MIT researchers develop a new approach for water desalination
A new approach to desalination being developed by researchers at MIT and in Korea could lead to small, portable units that could be powered by solar cells or batteries and could deliver enough fresh water to supply the needs of a family or small village. As an added bonus, the system would also remove many contaminants, viruses and bacteria at the same time.
One of the leading desalination methods, called reverse osmosis, uses membranes that filter out the salt, but these require strong pumps to maintain the high pressure needed to push the water through the membrane, and are subject to fouling and blockage of the pores in the membrane by salt and contaminants. The new approach, called ion concentration polarization, separates salts and microbes from the water with the help of electrostatics – repelling them away from the ion-selective membrane in the system.
The system works at a microscopic scale, using fabrication methods developed for micro-fluidic devices (similar to the manufacture of microchips) for materials such as silicone (synthetic rubber). Each individual device would only process minute amounts of water, but a large number of them. The researchers expect an array with 1,600 units, fabricated on an 8-inch-diameter wafer, could produce about 15 liters of water per hour. Salt water would be poured in at the top, and fresh water and concentrated brine collected from two outlets at the bottom, so the whole unit could be self-contained and driven by gravity.
So far, the researchers have successfully tested a single unit, using seawater they collected from a Massachusetts beach. The water was then deliberately contaminated with small plastic particles, protein and human blood.
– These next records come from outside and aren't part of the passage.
(* Let $d>0$, let $J$ satisfy (J) and $\int_{-\infty}^0\int_0^{+\infty}J(x-y)\,dy\,dx<+\infty$, but suppose there is no $\lambda>0$ with $\int_{\mathbb{R}}J(x)e^{\lambda x}dx<\infty$; let $f$ satisfy (f3). For each $\mu>0$ let $(c_\mu,\phi_\mu)$ be the unique pair with $c_\mu>0$ and $\phi_\mu\in C^1((-\infty,0])$ nonnegative and nonincreasing such that $$d\int_{-\infty}^0J(x-y)\phi_\mu(y)dy-d\phi_\mu(x)+c_\mu\phi_\mu'(x)+f(\phi_\mu(x))=0\ (x<0),\ \phi_\mu(-\infty)=1,\ \phi_\mu(0)=0,\ c_\mu=\mu\int_{-\infty}^0\int_0^{+\infty}J(x-y)\phi_\mu(x)dydx.$$ Then $c_\mu\to+\infty$ as $\mu\to+\infty$.
   Context: Condition (J): $J\in C(\mathbb{R})\cap L^\infty(\mathbb{R})$, $J\ge 0$, $J(0)>0$, $\int_{\mathbb{R}}J=1$, $J$ even. Condition (f3): $f\in C^1([0,\infty))$, $f(0)=f(1)=0$, $f>0$ in $(0,1)$, $f'(0)>0>f'(1)$, $f(u)/u$ nonincreasing in $u>0$. Under these assumptions the pair $(c_\mu,\phi_\mu)$ exists and is unique for each $\mu>0$. *)

theory Defs
  imports "HOL-Analysis.Analysis"
begin

end

theory Submission
  imports Defs
begin
lemma hbinom_prime_mult_cong:
  fixes p n m :: nat
  assumes p: "prime p" and not_two_odd: "\<not> (p = 2 \<and> odd n)"
  shows "[hbinom m (p * n) = hbinom m n] (mod int p ^ (2 * (multiplicity p n + 1)))"
proof -
  define P where "P = p * n"
  define U where "U = {j\<in>{1..<P}. \<not> p dvd j}"
  define M where "M = int P * (int m - 1)"
  define Q where "Q = int p ^ (2 * (multiplicity p n + 1))"
  have "p ^ multiplicity p n dvd n" by (rule multiplicity_dvd)
  then have "int p ^ (multiplicity p n + 1) dvd int P"
    by (simp add: P_def mult_dvd_mono flip: of_nat_power)
  then have "Q dvd (int P)\<^sup>2"
    unfolding Q_def mult.commute[of 2 "multiplicity p n + 1"] power_mult by (rule dvd_power_same)
  moreover have "[(\<Prod>j\<in>U. M - int j) = (\<Prod>j\<in>U. int j)] (mod (int P)\<^sup>2)"
  proof (rule prod_reflection_cong)
    fix j assume j: "j \<in> U"
    have "2 * j \<noteq> P"
    proof
      assume "2 * j = P"
      then have "p dvd 2 * j" by (simp add: P_def)
      with j p have "p dvd 2" by (auto simp: U_def prime_dvd_mult_iff)
      then have "p = 2" using p by (simp add: primes_dvd_imp_eq)
      with \<open>2 * j = P\<close> j not_two_odd show False by (auto simp: U_def P_def)
    qed
    moreover have "\<not> p dvd P - j" using j by (intro not_dvd_diff_nat) (auto simp: U_def P_def)
    ultimately show "j < P \<and> P - j \<in> U \<and> 2 * j \<noteq> P"
      using j by (auto simp: U_def)
  qed (simp_all add: M_def U_def)
  ultimately have "[(\<Prod>j\<in>U. M - int j) = (\<Prod>j\<in>U. int j)] (mod Q)"
    by (metis cong_dvd_modulus)
  then have "[(\<Prod>j\<in>U. M - int j) * hbinom m n = (\<Prod>j\<in>U. int j) * hbinom m n] (mod Q)"
    by (rule cong_scalar_right)
  moreover have "hbinom m (p * n) * (\<Prod>j\<in>U. int j) = (\<Prod>j\<in>U. M - int j) * hbinom m n"
    unfolding U_def M_def P_def using p by (intro hbinom_mult_relation prime_gt_0_nat)
  ultimately have "[hbinom m (p * n) * (\<Prod>j\<in>U. int j) = hbinom m n * (\<Prod>j\<in>U. int j)] (mod Q)"
    by (simp add: mult.commute)
  moreover have "coprime (\<Prod>j\<in>U. int j) Q"
    unfolding Q_def using p by (rule coprime_prod_non_multiples) (simp add: U_def)
  ultimately show ?thesis by (simp add: Q_def cong_mult_rcancel)
qed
The unit removed more than 99 percent of the salt and other contaminants. “We clearly demonstrated that we can do it at the unit chip level,” said Sung Jae Kim.
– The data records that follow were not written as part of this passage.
lemma summable_level_powr_of_besov_inf:
  assumes "in_besov_inf d Lam 2 s x" "besov_norm_inf d Lam 2 s x \<le> \<rho>" "s > 0"
  shows "summable (\<lambda>j. level_norm x j powr q)"
proof (rule summable_comparison_test')
  show "summable (\<lambda>j. \<rho> powr q * 2 powr (- (real j * (s * q))))"
    using assms(3) q_gt by (intro dyadic_tail(1)) simp
  show "norm (level_norm x j powr q) \<le> \<rho> powr q * 2 powr (- (real j * (s * q)))" for j
    using besov_inf_level_norm_le[OF assms(1,2), of j] q_gt by (simp add: dyadic_decay_powr)
qed

lemma error_level_le_A_diff:
  assumes "on_Lambda Lam x" "summable (\<lambda>j. level_norm x j powr q)"
    and "on_Lambda Lam xh" "summable (\<lambda>j. level_norm xh j powr q)"
  shows "2 powr (real j * - a) * level_norm (\<lambda>j k. x j k - xh j k) j \<le> M * norm (A x - A xh)"
proof -
  have Hx: "in_besov d Lam 2 2 (-a) x" and Hxh: "in_besov d Lam 2 2 (-a) xh"
    using assms(2,4) by (auto intro: in_besov_neg_if_summable_powr)
  have "on_Lambda Lam (\<lambda>j k. x j k - xh j k)" using assms(1,3) by (auto simp: on_Lambda_def)
  moreover have "in_besov d Lam 2 2 (-a) (\<lambda>j k. x j k - xh j k)"
    using in_besov_neg_lincomb[OF Hx Hxh, of 1 "-1"] by simp
  ultimately show ?thesis using level_norm_le_A A_diff[OF assms(1) Hx assms(3) Hxh] by metis
qed

end

section \<open>Convergence rate\<close>

locale besov_tikhonov_rate = besov_tikhonov +
  fixes s cl cr cD CD :: real
  assumes s_pos: "0 < s" and s_lt: "s < a / (q - 1)"
    and cl_pos: "0 < cl" and cD_gt: "1 < cD" and cD_CD: "cD < CD"
begin

(* gap_coeff and noise_coeff are the constants k1 and k2 of the penalty-gap bound. *)
definition gap_coeff :: real where
  "gap_coeff = M * 2 powr (a - s * (q - 1)) / (2 powr (a - s * (q - 1)) - 1)"

definition noise_coeff :: real where
  "noise_coeff = 1 / (q * (1 - 2 powr (- (s * q))))"

definition discrepancy_coeff :: real where
  "discrepancy_coeff = max (2 + cr * gap_coeff + cr * noise_coeff) (1 + CD)"

definition parameter_coeff :: real where
  "parameter_coeff = min cl (cD * (cD - 1) / (gap_coeff * (1 + CD) + noise_coeff))"

definition decay_coeff :: real where
  "decay_coeff = (q * M * (1 + discrepancy_coeff) / parameter_coeff) powr (1 / (q - 1))"

definition rate_const :: real where
  "rate_const = sqrt ((M * discrepancy_coeff)\<^sup>2 * 2 powr (2 * a) / (2 powr (2 * a) - 1)
     + 2 / (1 - 2 powr (- (2 * s))) + 2 * decay_coeff\<^sup>2 / (1 - 2 powr (- (2 * (a / (q - 1))))))"

lemma s_mult_lt: "s * (q - 1) < a"
  using s_lt q_gt by (simp add: field_simps)

lemma gap_coeff_nonneg: "gap_coeff \<ge> 0"
proof -
  have "2 powr (a - s * (q - 1)) > (1::real)" using s_mult_lt by simp
  then show ?thesis using M_ge by (simp add: gap_coeff_def)
qed

lemma noise_coeff_pos: "noise_coeff > 0"
  using one_minus_two_powr_neg_pos[of "s * q"] s_pos q_gt by (simp add: noise_coeff_def)

lemma discrepancy_coeff_nonneg: "discrepancy_coeff \<ge> 0"
  using cD_gt cD_CD by (simp add: discrepancy_coeff_def le_max_iff_disj)

lemma parameter_coeff_pos: "parameter_coeff > 0"
proof -
  have "gap_coeff * (1 + CD) + noise_coeff > 0"
    using gap_coeff_nonneg noise_coeff_pos cD_gt cD_CD by (simp add: add_nonneg_pos)
  then show ?thesis using cl_pos cD_gt by (simp add: parameter_coeff_def)
qed

lemma rate_const_pos: "rate_const > 0"
proof -
  have "2 powr (2 * a) > (1::real)" using a_pos by simp
  then have "(M * discrepancy_coeff)\<^sup>2 * 2 powr (2 * a) / (2 powr (2 * a) - 1) \<ge> 0" by simp
  moreover have "2 / (1 - 2 powr (- (2 * s))) > 0"
    using one_minus_two_powr_neg_pos[of "2 * s"] s_pos by simp
  moreover have "2 * decay_coeff\<^sup>2 / (1 - 2 powr (- (2 * (a / (q - 1))))) \<ge> 0"
    using one_minus_two_powr_neg_pos[of "2 * (a / (q - 1))"] a_pos q_gt by simp
  ultimately show ?thesis unfolding rate_const_def by (intro real_sqrt_gt_zero) linarith
qed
While the amount of electricity required by this method is actually slightly greater than for present large-scale methods such as reverse osmosis, the researchers claim there is no other method that can produce small-scale desalination with anywhere near this level of efficiency. If the proposed system is properly engineered, it would use about as much power as a conventional lightbulb.
Since the separation occurs electrostatically, it doesn’t work for removing contaminants that have no electric charge. To take care of these remaining particles (mostly industrial pollutants) the researchers suggest the unit could be combined with a conventional charcoal filter system, thus achieving pure, safe drinking water through a single simple device.
Having proved the principle in a single-unit device, Kim and his associates plan to produce a 100-unit device to demonstrate the scaling-up of the process, followed by a 10,000-unit system. They expect it will take about two years before the system will be ready to develop as a product.
“After that,” says Kim, “we’ll know if it’s possible” for this to work as a robust, portable system, “and what problems might need to be worked on.”